Critics of these findings argue that the students attending single-sex institutions demographically differ from those attending coeducational institutions causing a selectivity bias. That is, students who are predisposed to succeed after college are more likely to attend private, selective, and single-sex schools. This argument is identical to the one used to exclude women from formal education in the first place; inherent differences between men and women predetermine their academic, intellectual, and occupational outcomes. Recent research responds to this by holding institutional selectivity, size, price, and student characteristics statistically constant, making the institutions identical except for the outcomes of interest including GPA, cognitive gains, job placement, income, and satisfaction. Any differences between productivity result because of how the institution approaches its student population (Tidball et al. 1999).
So, what is the point? The point is that women’s colleges still matter. The point is that we need to reconsider how coeducation works (or does not) and how we are teaching our students (or not). The point is that education, in no way, is equal or has “flipped” in favor of women. Just like we need feminism today, we need women’s colleges to continue the fight towards equality. Just Google “why women’s colleges are still relevant” and you’ll see countless statistics and facts arguing that women’s college graduates are succeeding at higher rates than their peers because women-for-women environments work. Women-for-women environments challenge the patriarchal, heterosexist, misogynistic system. To challenge the hegemonic, we need to reconsider how equal access is not equivalent to equal opportunity and outcome- a classic lesson we’ve learned over the past couple decades.
Pieces to Read:
Kinzie, Jillian, Auden D. Thomas, Megan M. Palmer, Paul D. Umbach and George D. Kuh. 2007. “Women Students at Coeducational and Women’s Colleges: How Do Their Experiences Compare?”. Journal of College Student Development 48(2):145-65.
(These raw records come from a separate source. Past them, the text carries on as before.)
(* Let $N=\{1,\dots,n\}$, $\eta>0$, integers $B\ge1$, $Q\ge1$. Let $(A(k))_{k\ge0}$ be $n\times n$ matrices such that each $A(k)$ is doubly stochastic with positive diagonal entries and all positive entries at least $\eta$, and such that for every integer $k\ge0$ the directed graph $(N,\mathcal{E}(A(kB))\cup\cdots\cup\mathcal{E}(A((k+1)B-1)))$ is strongly connected. Let $x(0)\in\mathbb{R}^n$ have all components multiples of $1/Q$, and define componentwise $x_i(k+1)=\lfloor\sum_{j=1}^n a_{ij}(k)x_j(k)\rfloor$, where $\lfloor\cdot\rfloor$ is rounding down to the nearest multiple of $1/Q$. Let $U=\max_ix_i(0)$, $L=\min_ix_i(0)$ and $K=(U-L)Q$. If $k\ge nBK$, then all components of $x(k)$ are equal.
   Context: A matrix is doubly stochastic if it is nonnegative with all row and column sums equal to $1$. For a matrix $A=[a_{ij}]$, $\mathcal{E}(A)$ is the set of directed edges $(j,i)$ (including self-edges) with $a_{ij}>0$. *)

theory Defs
  imports Complex_Main
begin

text \<open>Matrices are n x n with indices 0..n-1, represented as nat => nat => real
  (row i, column j).\<close>

definition doubly_stochastic :: "nat \<Rightarrow> (nat \<Rightarrow> nat \<Rightarrow> real) \<Rightarrow> bool" where
  "doubly_stochastic n M \<longleftrightarrow>
     (\<forall>i<n. \<forall>j<n. M i j \<ge> 0) \<and>
     (\<forall>i<n. (\<Sum>j<n. M i j) = 1) \<and>
     (\<forall>j<n. (\<Sum>i<n. M i j) = 1)"

definition edges :: "nat \<Rightarrow> (nat \<Rightarrow> nat \<Rightarrow> real) \<Rightarrow> (nat \<times> nat) set" where
  "edges n M = {(j, i). i < n \<and> j < n \<and> M i j > 0}"

definition strongly_connected_on :: "nat \<Rightarrow> (nat \<times> nat) set \<Rightarrow> bool" where
  "strongly_connected_on n E \<longleftrightarrow> (\<forall>i<n. \<forall>j<n. (i, j) \<in> E\<^sup>*)"

definition round_down :: "nat \<Rightarrow> real \<Rightarrow> real" where
  "round_down Q y = real_of_int \<lfloor>real Q * y\<rfloor> / real Q"

end

theory Submission
  imports Defs
begin

text \<open>Scaling by \<open>Q\<close> turns the states into integers and the rounding into the floor.
  The maximum never increases, and the set of agents attaining it never grows, since
  a row-stochastic average equal to the maximum forces every in-neighbour (including,
  by the positive diagonal, the agent itself) to be at the maximum. By strong connectivity
  of each window of \<open>B\<close> steps some edge enters this set from outside, so the set loses an
  agent per window unless it contains everybody. Hence after \<open>n\<close> windows either all
  agents agree or the (integer) maximum has dropped by at least one, and the spread
  \<open>K\<close> can drop at most \<open>K\<close> times.\<close>

lemma rtrancl_enters_set:
  assumes "(j, i) \<in> E\<^sup>*" "j \<notin> S" "i \<in> S"
  shows "\<exists>a b. (a, b) \<in> E \<and> a \<notin> S \<and> b \<in> S"
  using assms by (induction rule: rtrancl_induct) blast+

locale quantized_consensus =
  fixes n B :: nat and A :: "nat \<Rightarrow> nat \<Rightarrow> nat \<Rightarrow> real" and Y :: "nat \<Rightarrow> nat \<Rightarrow> int"
  assumes nonneg: "\<And>t i j. i < n \<Longrightarrow> j < n \<Longrightarrow> 0 \<le> A t i j"
    and row_sum: "\<And>t i. i < n \<Longrightarrow> (\<Sum>j<n. A t i j) = 1"
    and diag_pos: "\<And>t i. i < n \<Longrightarrow> 0 < A t i i"
    and conn: "\<And>r. strongly_connected_on n (\<Union>t\<in>{r*B..<(r+1)*B}. edges n (A t))"
    and update: "\<And>t i. i < n \<Longrightarrow> Y (Suc t) i = \<lfloor>\<Sum>j<n. A t i j * of_int (Y t j)\<rfloor>"
begin

lemma average_le:
  assumes "\<forall>j<n. f j \<le> c" "i < n"
  shows "(\<Sum>j<n. A t i j * f j) \<le> c"
proof -
  have "(\<Sum>j<n. A t i j * f j) \<le> (\<Sum>j<n. A t i j * c)"
    by (rule sum_mono) (use assms nonneg in \<open>auto intro: mult_left_mono\<close>)
  also have "\<dots> = c" using row_sum[OF assms(2)] by (simp add: sum_distrib_right[symmetric])
  finally show ?thesis .
qed

lemma average_ge:
  assumes "\<forall>j<n. c \<le> f j" "i < n"
  shows "c \<le> (\<Sum>j<n. A t i j * f j)"
  using average_le[of "\<lambda>j. - f j" "- c" i t] assms by (simp add: sum_negf)

lemma upper_bound_step: "\<forall>j<n. Y t j \<le> c \<Longrightarrow> \<forall>i<n. Y (Suc t) i \<le> c"
  using floor_mono[OF average_le[of "\<lambda>j. of_int (Y t j)" "of_int c"]] by (simp add: update)

lemma lower_bound_step: "\<forall>j<n. c \<le> Y t j \<Longrightarrow> \<forall>i<n. c \<le> Y (Suc t) i"
  using average_ge[of "of_int c" "\<lambda>j. of_int (Y t j)"] by (simp add: update le_floor_iff)

lemma upper_bound_persists: "\<forall>j<n. Y t j \<le> c \<Longrightarrow> \<forall>j<n. Y (t + s) j \<le> c"
  by (induction s) (simp_all add: upper_bound_step)

lemma lower_bound_persists: "\<forall>j<n. c \<le> Y t j \<Longrightarrow> \<forall>j<n. c \<le> Y (t + s) j"
  by (induction s) (simp_all add: lower_bound_step)

lemma at_bound_if_neighbour_at_bound:
  assumes bd: "\<forall>j<n. Y t j \<le> c" and i: "i < n" and eq: "Y (Suc t) i = c"
    and j: "j < n" "0 < A t i j"
  shows "Y t j = c"
proof -
  have "of_int c \<le> (\<Sum>j<n. A t i j * of_int (Y t j))"
    using eq update[OF i] of_int_floor_le by metis
  moreover have "(\<Sum>j<n. A t i j * of_int (Y t j)) \<le> of_int c"
    using bd i by (intro average_le) simp_all
  ultimately have "(\<Sum>j<n. A t i j * (of_int c - of_int (Y t j))) = 0"
    using row_sum[OF i] by (simp add: right_diff_distrib sum_subtractf sum_distrib_right[symmetric])
  moreover have "\<forall>j\<in>{..<n}. 0 \<le> A t i j * (of_int c - of_int (Y t j))"
    using bd nonneg[OF i] by auto
  ultimately have "A t i j * (of_int c - of_int (Y t j)) = 0"
    using j(1) sum_nonneg_eq_0_iff[of "{..<n}" "\<lambda>j. A t i j * (of_int c - of_int (Y t j))"]
    by auto
  then show ?thesis using j(2) by simp
qed

definition level_set :: "nat \<Rightarrow> int \<Rightarrow> nat set" where
  "level_set t c = {i. i < n \<and> Y t i = c}"

lemma level_set_antimono:
  assumes "\<forall>j<n. Y t j \<le> c"
  shows "level_set (t + s) c \<subseteq> level_set t c"
proof (induction s)
  case (Suc s)
  have "level_set (Suc (t + s)) c \<subseteq> level_set (t + s) c"
    using at_bound_if_neighbour_at_bound[OF upper_bound_persists[OF assms]] diag_pos
    unfolding level_set_def by blast
  then show ?case using Suc by simp
qed simp

lemma level_set_window_psubset:
  assumes bd: "\<forall>j<n. Y (r*B) j \<le> c"
    and ne: "i \<in> level_set (r*B) c" and out: "j < n" "j \<notin> level_set (r*B) c"
  shows "level_set (r*B + B) c \<subset> level_set (r*B) c"
proof (rule psubsetI[OF level_set_antimono[OF bd]], rule notI)
  let ?t = "r*B" and ?S = "level_set (r*B) c"
  assume eq: "level_set (?t + B) c = ?S"
  have const: "level_set (?t + s) c = ?S" if "s \<le> B" for s
  proof -
    have "level_set (?t + s + (B - s)) c \<subseteq> level_set (?t + s) c"
      by (rule level_set_antimono[OF upper_bound_persists[OF bd]])
    moreover have "?t + s + (B - s) = ?t + B" using that by simp
    ultimately show ?thesis using level_set_antimono[OF bd, of s] eq by auto
  qed
  let ?E = "\<Union>t\<in>{r*B..<(r+1)*B}. edges n (A t)"
  have "i < n" using ne unfolding level_set_def by simp
  then have "(j, i) \<in> ?E\<^sup>*"
    using conn[of r] out(1) unfolding strongly_connected_on_def by blast
  then obtain a b where ab: "(a, b) \<in> ?E" "a \<notin> ?S" "b \<in> ?S"
    using rtrancl_enters_set[OF _ out(2) ne] by blast
  then obtain \<tau> where \<tau>: "?t \<le> \<tau>" "\<tau> < ?t + B" "(a, b) \<in> edges n (A \<tau>)" by auto
  define s where "s = \<tau> - ?t"
  have s: "s < B" "(a, b) \<in> edges n (A (?t + s))" using \<tau> unfolding s_def by auto
  then have a: "a < n" "b < n" "0 < A (?t + s) b a" unfolding edges_def by auto
  have "Y (Suc (?t + s)) b = c"
    using const[of "Suc s"] s(1) ab(3) unfolding level_set_def by auto
  then have "Y (?t + s) a = c"
    using at_bound_if_neighbour_at_bound[OF upper_bound_persists[OF bd]] a by blast
  then show False using const[of s] s(1) a(1) ab(2) unfolding level_set_def by auto
qed

lemma level_set_empty_after_n_windows:
  assumes bd: "\<forall>j<n. Y (r*B) j \<le> c" and out: "j < n" "Y (r*B) j \<noteq> c"
  shows "level_set (r*B + n*B) c = {}"
proof -
  let ?S = "\<lambda>m. level_set (r*B + m*B) c"
  have fin: "finite (?S m)" for m unfolding level_set_def by simp
  have "?S m = {} \<or> card (?S m) + m \<le> card (?S 0)" for m
  proof (induction m)
    case (Suc m)
    have bdm: "\<forall>j<n. Y ((r + m)*B) j \<le> c"
      using upper_bound_persists[OF bd, of "m*B"] by (simp add: algebra_simps)
    show ?case
    proof (cases "?S m = {}")
      case True
      then show ?thesis using level_set_antimono[OF bdm, of B] by (simp add: algebra_simps)
    next
      case False
      then obtain i where "i \<in> ?S m" by blast
      moreover have "j \<notin> ?S m"
        using out level_set_antimono[OF bd, of "m*B"] unfolding level_set_def by auto
      ultimately have "?S (Suc m) \<subset> ?S m"
        using level_set_window_psubset[OF bdm _ out(1)] by (simp add: algebra_simps)
      then have "card (?S (Suc m)) < card (?S m)" by (rule psubset_card_mono[OF fin])
      then show ?thesis using Suc False by auto
    qed
  qed simp
  moreover have "card (?S 0) < card {..<n}"
    using out by (intro psubset_card_mono) (auto simp: level_set_def)
  ultimately show ?thesis by force
qed

definition consensus :: "nat \<Rightarrow> bool" where
  "consensus t \<longleftrightarrow> (\<exists>c. \<forall>i<n. Y t i = c)"

lemma consensus_persists:
  assumes "consensus t" shows "consensus (t + s)"
proof -
  obtain c where "\<forall>i<n. Y t i = c" using assms unfolding consensus_def by blast
  then have "\<forall>i<n. Y (t + s) i \<le> c" "\<forall>i<n. c \<le> Y (t + s) i"
    using upper_bound_persists lower_bound_persists by auto
  then show ?thesis unfolding consensus_def by (intro exI[of _ c]) (auto intro: order_antisym)
qed

lemma consensus_or_max_drops:
  assumes bd: "\<forall>j<n. Y (r*B) j \<le> c"
  shows "consensus (r*B) \<or> (\<forall>i<n. Y (r*B + n*B) i \<le> c - 1)"
proof (cases "\<exists>j<n. Y (r*B) j \<noteq> c")
  case True
  then obtain j where "j < n" "Y (r*B) j \<noteq> c" by blast
  from level_set_empty_after_n_windows[OF bd this] upper_bound_persists[OF bd, of "n*B"]
  have "\<forall>i<n. Y (r*B + n*B) i \<le> c - 1" unfolding level_set_def by fastforce
  then show ?thesis ..
qed (auto simp: consensus_def)

lemma consensus_after_windows:
  assumes "\<forall>i<n. L \<le> Y (r*B) i \<and> Y (r*B) i \<le> L + int d"
  shows "consensus (r*B + d*(n*B))"
  using assms
proof (induction d arbitrary: r)
  case 0
  then have "\<forall>i<n. Y (r*B) i = L" by force
  then show ?case unfolding consensus_def by auto
next
  case (Suc d)
  have shift: "r*B + Suc d*(n*B) = (r + n)*B + d*(n*B)" by (simp add: algebra_simps)
  have "\<forall>j<n. Y (r*B) j \<le> L + int (Suc d)" using Suc.prems by blast
  from consensus_or_max_drops[OF this] show ?case
  proof
    assume "consensus (r*B)"
    then show ?thesis using consensus_persists by blast
  next
    assume "\<forall>i<n. Y (r*B + n*B) i \<le> L + int (Suc d) - 1"
    moreover have "\<forall>i<n. L \<le> Y (r*B + n*B) i"
      using lower_bound_persists[of L "r*B"] Suc.prems by blast
    ultimately have "\<forall>i<n. L \<le> Y ((r + n)*B) i \<and> Y ((r + n)*B) i \<le> L + int d"
      by (simp add: algebra_simps)
    then show ?thesis unfolding shift by (rule Suc.IH)
  qed
qed

lemma consensus_after_spread:
  assumes "0 < n"
    and "real n * real B * of_int (Max (Y 0 ` {..<n}) - Min (Y 0 ` {..<n})) \<le> real k"
  shows "consensus k"
proof -
  define L where "L = Min (Y 0 ` {..<n})"
  define H where "H = Max (Y 0 ` {..<n})"
  define d where "d = nat (H - L)"
  have range: "L \<le> Y 0 i \<and> Y 0 i \<le> H" if "i < n" for i
    using that unfolding L_def H_def by auto
  then have d: "int d = H - L" using assms(1) unfolding d_def by fastforce
  have "consensus (d*(n*B))"
    using consensus_after_windows[of L 0 d] range d by simp
  moreover have "real (d*(n*B)) \<le> real k"
  proof -
    have "of_int (H - L) = real d" using d by (metis of_int_of_nat_eq)
    then show ?thesis using assms(2) unfolding H_def L_def by (simp add: ac_simps)
  qed
  then have "d*(n*B) \<le> k" by (simp only: of_nat_le_iff)
  ultimately show ?thesis using consensus_persists[of "d*(n*B)" "k - d*(n*B)"] by simp
qed

end

lemma scaled_Max_Min:
  fixes f :: "'a \<Rightarrow> real"
  assumes "finite I" "I \<noteq> {}" "c > 0" "\<And>i. i \<in> I \<Longrightarrow> c * f i = of_int (g i)"
  shows "c * Max (f ` I) = of_int (Max (g ` I))" and "c * Min (f ` I) = of_int (Min (g ` I))"
proof -
  have mono: "mono (\<lambda>v. c * v)" "mono (of_int :: int \<Rightarrow> real)"
    using assms(3) by (auto intro: monoI)
  have img: "(\<lambda>v. c * v) ` f ` I = of_int ` g ` I"
    using assms(4) by (force simp: image_image)
  show "c * Max (f ` I) = of_int (Max (g ` I))"
    using mono_Max_commute[OF mono(1)] mono_Max_commute[OF mono(2)] img assms(1,2) by simp
  show "c * Min (f ` I) = of_int (Min (g ` I))"
    using mono_Min_commute[OF mono(1)] mono_Min_commute[OF mono(2)] img assms(1,2) by simp
qed

theorem proposition3:
  fixes n B Q :: nat and \<eta> :: real
    and A :: "nat \<Rightarrow> nat \<Rightarrow> nat \<Rightarrow> real"
    and x :: "nat \<Rightarrow> nat \<Rightarrow> real"
  assumes eta_pos: "\<eta> > 0"
    and B_pos: "B \<ge> 1" and Q_pos: "Q \<ge> 1"
    and ds: "\<And>k. doubly_stochastic n (A k)"
    and diag: "\<And>k i. i < n \<Longrightarrow> A k i i > 0"
    and lower: "\<And>k i j. i < n \<Longrightarrow> j < n \<Longrightarrow> A k i j > 0 \<Longrightarrow> A k i j \<ge> \<eta>"
    and conn: "\<And>k. strongly_connected_on n (\<Union>t\<in>{k*B..<(k+1)*B}. edges n (A t))"
    and init: "\<And>i. i < n \<Longrightarrow> \<exists>m::int. x 0 i = real_of_int m / real Q"
    and step: "\<And>k i. i < n \<Longrightarrow> x (Suc k) i = round_down Q (\<Sum>j<n. A k i j * x k j)"
    and k_ge: "real k \<ge> real n * real B *
                 ((Max (x 0 ` {..<n}) - Min (x 0 ` {..<n})) * real Q)"
  shows "\<forall>i<n. \<forall>j<n. x k i = x k j"
proof (cases "n = 0")
  case False
  define Y where "Y t i = \<lfloor>real Q * x t i\<rfloor>" for t i
  have Q: "real Q > 0" using Q_pos by simp
  have scaled: "real Q * x t i = of_int (Y t i)" if "i < n" for t i
  proof (cases t)
    case 0
    then show ?thesis using init[OF that] Q unfolding Y_def by auto
  next
    case (Suc s)
    show ?thesis using Q by (simp add: Suc Y_def step[OF that] round_down_def)
  qed
  interpret quantized_consensus n B A Y
  proof
    fix t i assume i: "i < n"
    have "real Q * (\<Sum>j<n. A t i j * x t j) = (\<Sum>j<n. A t i j * of_int (Y t j))"
      unfolding sum_distrib_left by (intro sum.cong refl) (simp add: mult.left_commute flip: scaled)
    then show "Y (Suc t) i = \<lfloor>\<Sum>j<n. A t i j * of_int (Y t j)\<rfloor>"
      using Q unfolding Y_def step[OF i] round_down_def by simp
  qed (use ds diag conn in \<open>auto simp: doubly_stochastic_def\<close>)
  have "(Max (x 0 ` {..<n}) - Min (x 0 ` {..<n})) * real Q
      = of_int (Max (Y 0 ` {..<n}) - Min (Y 0 ` {..<n}))"
    using scaled_Max_Min[of "{..<n}" "real Q" "x 0" "Y 0"] False Q scaled lessThan_empty_iff
    by (simp add: algebra_simps)
  then have "consensus k" using consensus_after_spread False k_ge by simp
  then obtain c where "\<forall>i<n. real Q * x k i = of_int c" using scaled unfolding consensus_def by auto
  then show ?thesis using Q by (metis mult_cancel_left less_irrefl)
qed simp

end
Miller-Bernal, Leslie. 2006. “Introduction: Changes in the Status and Functions of Women’s Colleges over Time ” Pp. 1-20 in Challenged by Coeducation: Women’s Colleges since the 1960s, edited by L. Miller-Bernal and S. L. Poulson. Nashville: Vanderbilt University Press.
Mitchell, Anthondy B. and James B. Stewart. 2013. “The Efficacy of All-Male Academies: Insights from Critical Race Theory (Crt).” Sex Roles 69:382-92.
Tidball, M. Elizabeth, Daryl G. Smith, Charles S. Tidball and Lisa E. Wolf-Wendel. 1999. Taking Women Seriously: Lessons and Legacies for Educating the Majority. Phoenix: The Oryx Press.